START DATA FOR REVIEW
lemma nn_integral_neg_noisy_log_tilt_disc:
  fixes T :: "real^'c^'c"
  assumes M: "M \<in> joint_dists X" and T: "stochastic_matrix T"
    and B: "B \<in> sets (restrict_space borel X)" and s: "-1 < s" "s < 1"
  shows "enn2ereal (\<integral>\<^sup>+ w. ennreal (- (\<Sum>i\<in>UNIV. T $ snd w $ i * ln (tilt_disc B j s (fst w, i))))
    \<partial>M) = ereal (ln 2 - ln (1 + s) * noisy_mass T M B j)"
proof -
  interpret prob_space M using M by (simp add: joint_dists_def)
  have sets_M: "sets M = sets (joint_space X)" using M by (simp add: joint_dists_def)
  define g where "g w = T $ snd w $ j * indicator B (fst w)" for w
  have g: "has_bochner_integral M g (noisy_mass T M B j)"
    unfolding g_def by (rule has_bochner_integral_noisy_indicator[OF finite_measure_axioms sets_M B])
  have f: "has_bochner_integral M (\<lambda>w. ln 2 - ln (1 + s) * g w)
      (ln 2 - ln (1 + s) * noisy_mass T M B j)"
  proof (rule has_bochner_integral_diff)
    show "has_bochner_integral M (\<lambda>w. ln 2) (ln 2)"
      by (simp add: has_bochner_integral_iff prob_space)
  qed (rule has_bochner_integral_mult_right[OF g])
  have g_bound: "ln (1 + s) * g w \<le> ln 2" for w
  proof -
    have g01: "0 \<le> g w" "g w \<le> 1"
      using T by (auto simp: g_def stochastic_matrix_def indicator_def)
    show ?thesis
    proof (cases "0 \<le> ln (1 + s)")
      case True
      then have "ln (1 + s) * g w \<le> ln (1 + s)" using g01 by (simp add: mult_left_le)
      moreover have "ln (1 + s) \<le> ln 2" using s by simp
      ultimately show ?thesis by linarith
    next
      case False
      then have "ln (1 + s) * g w \<le> 0" using g01 by (simp add: mult_nonpos_nonneg)
      then show ?thesis using ln_gt_zero[of 2] by linarith
    qed
  qed
  have f_int: "integrable M (\<lambda>w. ln 2 - ln (1 + s) * g w)"
    and f_eq: "integral\<^sup>L M (\<lambda>w. ln 2 - ln (1 + s) * g w) = ln 2 - ln (1 + s) * noisy_mass T M B j"
    using f by (simp_all add: has_bochner_integral_iff)
  have f_nonneg: "0 \<le> ln 2 - ln (1 + s) * g w" for w
    using g_bound[of w] by simp
  have "(\<integral>\<^sup>+ w. ennreal (ln 2 - ln (1 + s) * g w) \<partial>M) = ennreal (ln 2 - ln (1 + s) * noisy_mass T M B j)"
    using nn_integral_eq_integral[OF f_int] f_nonneg by (simp add: f_eq)
  moreover have "0 \<le> ln 2 - ln (1 + s) * noisy_mass T M B j"
    using Bochner_Integration.integral_nonneg[of M "\<lambda>w. ln 2 - ln (1 + s) * g w"] f_nonneg by (simp add: f_eq)
  moreover have "- (\<Sum>i\<in>UNIV. T $ snd w $ i * ln (tilt_disc B j s (fst w, i))) = ln 2 - ln (1 + s) * g w" for w
    unfolding g_def by (rule neg_noisy_log_tilt_disc[OF T s(1)])
  ultimately show ?thesis
    by simp
qed

lemma noisy_mass_nonneg: "stochastic_matrix T \<Longrightarrow> 0 \<le> noisy_mass T M B j"
  by (auto simp: noisy_mass_def stochastic_matrix_def intro!: sum_nonneg)

lemma L_dist_tilt_disc:
  fixes T :: "real^'c^'c"
  assumes P: "P \<in> joint_dists X" and Q: "Q \<in> joint_dists X" and T: "stochastic_matrix T"
    and B: "B \<in> sets (restrict_space borel X)" and s: "-1 < s" "s < 1"
  shows "L_dist T P Q (tilt_disc B j s)
    = ereal (- (2 * ln 2) + (ln (1 + s) * noisy_mass T P B j + ln (1 - s) * noisy_mass T Q B j))"
proof -
  have "real_term T P (tilt_disc B j s) = - ereal (ln 2 - ln (1 + s) * noisy_mass T P B j)"
    unfolding real_term_def using nn_integral_neg_noisy_log_tilt_disc[OF P T B s] by simp
  moreover have "fake_term_dist T Q (tilt_disc B j s) = - ereal (ln 2 - ln (1 - s) * noisy_mass T Q B j)"
    unfolding fake_term_dist_def one_minus_tilt_disc
    using nn_integral_neg_noisy_log_tilt_disc[OF Q T B, of "- s"] s by simp
  ultimately show ?thesis
    by (simp add: L_dist_def)
qed

lemma dist_value_ge:
  fixes T :: "real^'c^'c"
  assumes "prob_space P" "prob_space Q" "stochastic_matrix T"
  shows "ereal (- (2 * ln 2)) \<le> dist_value X T P Q"
  unfolding dist_value_def
  by (rule SUP_upper2[of "\<lambda>_. 1 / 2"]) (simp_all add: discs_def L_dist_const_half[OF assms])

lemma dist_value_self:
  fixes T :: "real^'c^'c"
  assumes "P \<in> joint_dists X" "stochastic_matrix T"
  shows "dist_value X T P P = ereal (- (2 * ln 2))"
proof (rule antisym)
  show "dist_value X T P P \<le> ereal (- (2 * ln 2))"
    unfolding dist_value_def by (intro SUP_least L_dist_self_le[OF assms])
  show "ereal (- (2 * ln 2)) \<le> dist_value X T P P"
    using assms by (intro dist_value_ge) (auto simp: joint_dists_def)
qed

lemma dist_value_gt:
  fixes T :: "real^'c^'c"
  assumes P: "P \<in> joint_dists X" and Q: "Q \<in> joint_dists X" and T: "stochastic_matrix T"
    and "invertible T" "P \<noteq> Q"
  shows "ereal (- (2 * ln 2)) < dist_value X T P Q"
proof -
  obtain B j where B: "B \<in> sets (restrict_space borel X)"
    and neq: "noisy_mass T P B j \<noteq> noisy_mass T Q B j"
    using noisy_mass_separates[OF P Q assms(4,5)] by blast
  obtain s where s: "-1 < s" "s < 1"
    and gain: "0 < ln (1 + s) * noisy_mass T P B j + ln (1 - s) * noisy_mass T Q B j"
    using exists_ln_one_plus_one_minus_pos[OF noisy_mass_nonneg[OF T] noisy_mass_nonneg[OF T] neq] by blast
  have "ereal (- (2 * ln 2)) < L_dist T P Q (tilt_disc B j s)"
    using gain by (simp add: L_dist_tilt_disc[OF P Q T B s])
  also have "\<dots> \<le> dist_value X T P Q"
    unfolding dist_value_def by (rule SUP_upper[OF tilt_disc_in_discs[OF B s]])
  finally show ?thesis .
qed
END DATA FOR REVIEW
• [PROBLEM DESCRIPTION] Using the material above, print word for word the lines from the one holding "P P = ereal" through the last line.

• [RESULT OF THIS EXERCISE]
  shows "dist_value X T P P = ereal (- (2 * ln 2))"
proof (rule antisym)
  show "dist_value X T P P \<le> ereal (- (2 * ln 2))"
    unfolding dist_value_def by (intro SUP_least L_dist_self_le[OF assms])
  show "ereal (- (2 * ln 2)) \<le> dist_value X T P P"
    using assms by (intro dist_value_ge) (auto simp: joint_dists_def)
qed

lemma dist_value_gt:
  fixes T :: "real^'c^'c"
  assumes P: "P \<in> joint_dists X" and Q: "Q \<in> joint_dists X" and T: "stochastic_matrix T"
    and "invertible T" "P \<noteq> Q"
  shows "ereal (- (2 * ln 2)) < dist_value X T P Q"
proof -
  obtain B j where B: "B \<in> sets (restrict_space borel X)"
    and neq: "noisy_mass T P B j \<noteq> noisy_mass T Q B j"
    using noisy_mass_separates[OF P Q assms(4,5)] by blast
  obtain s where s: "-1 < s" "s < 1"
    and gain: "0 < ln (1 + s) * noisy_mass T P B j + ln (1 - s) * noisy_mass T Q B j"
    using exists_ln_one_plus_one_minus_pos[OF noisy_mass_nonneg[OF T] noisy_mass_nonneg[OF T] neq] by blast
  have "ereal (- (2 * ln 2)) < L_dist T P Q (tilt_disc B j s)"
    using gain by (simp add: L_dist_tilt_disc[OF P Q T B s])
  also have "\<dots> \<le> dist_value X T P Q"
    unfolding dist_value_def by (rule SUP_upper[OF tilt_disc_in_discs[OF B s]])
  finally show ?thesis .
qed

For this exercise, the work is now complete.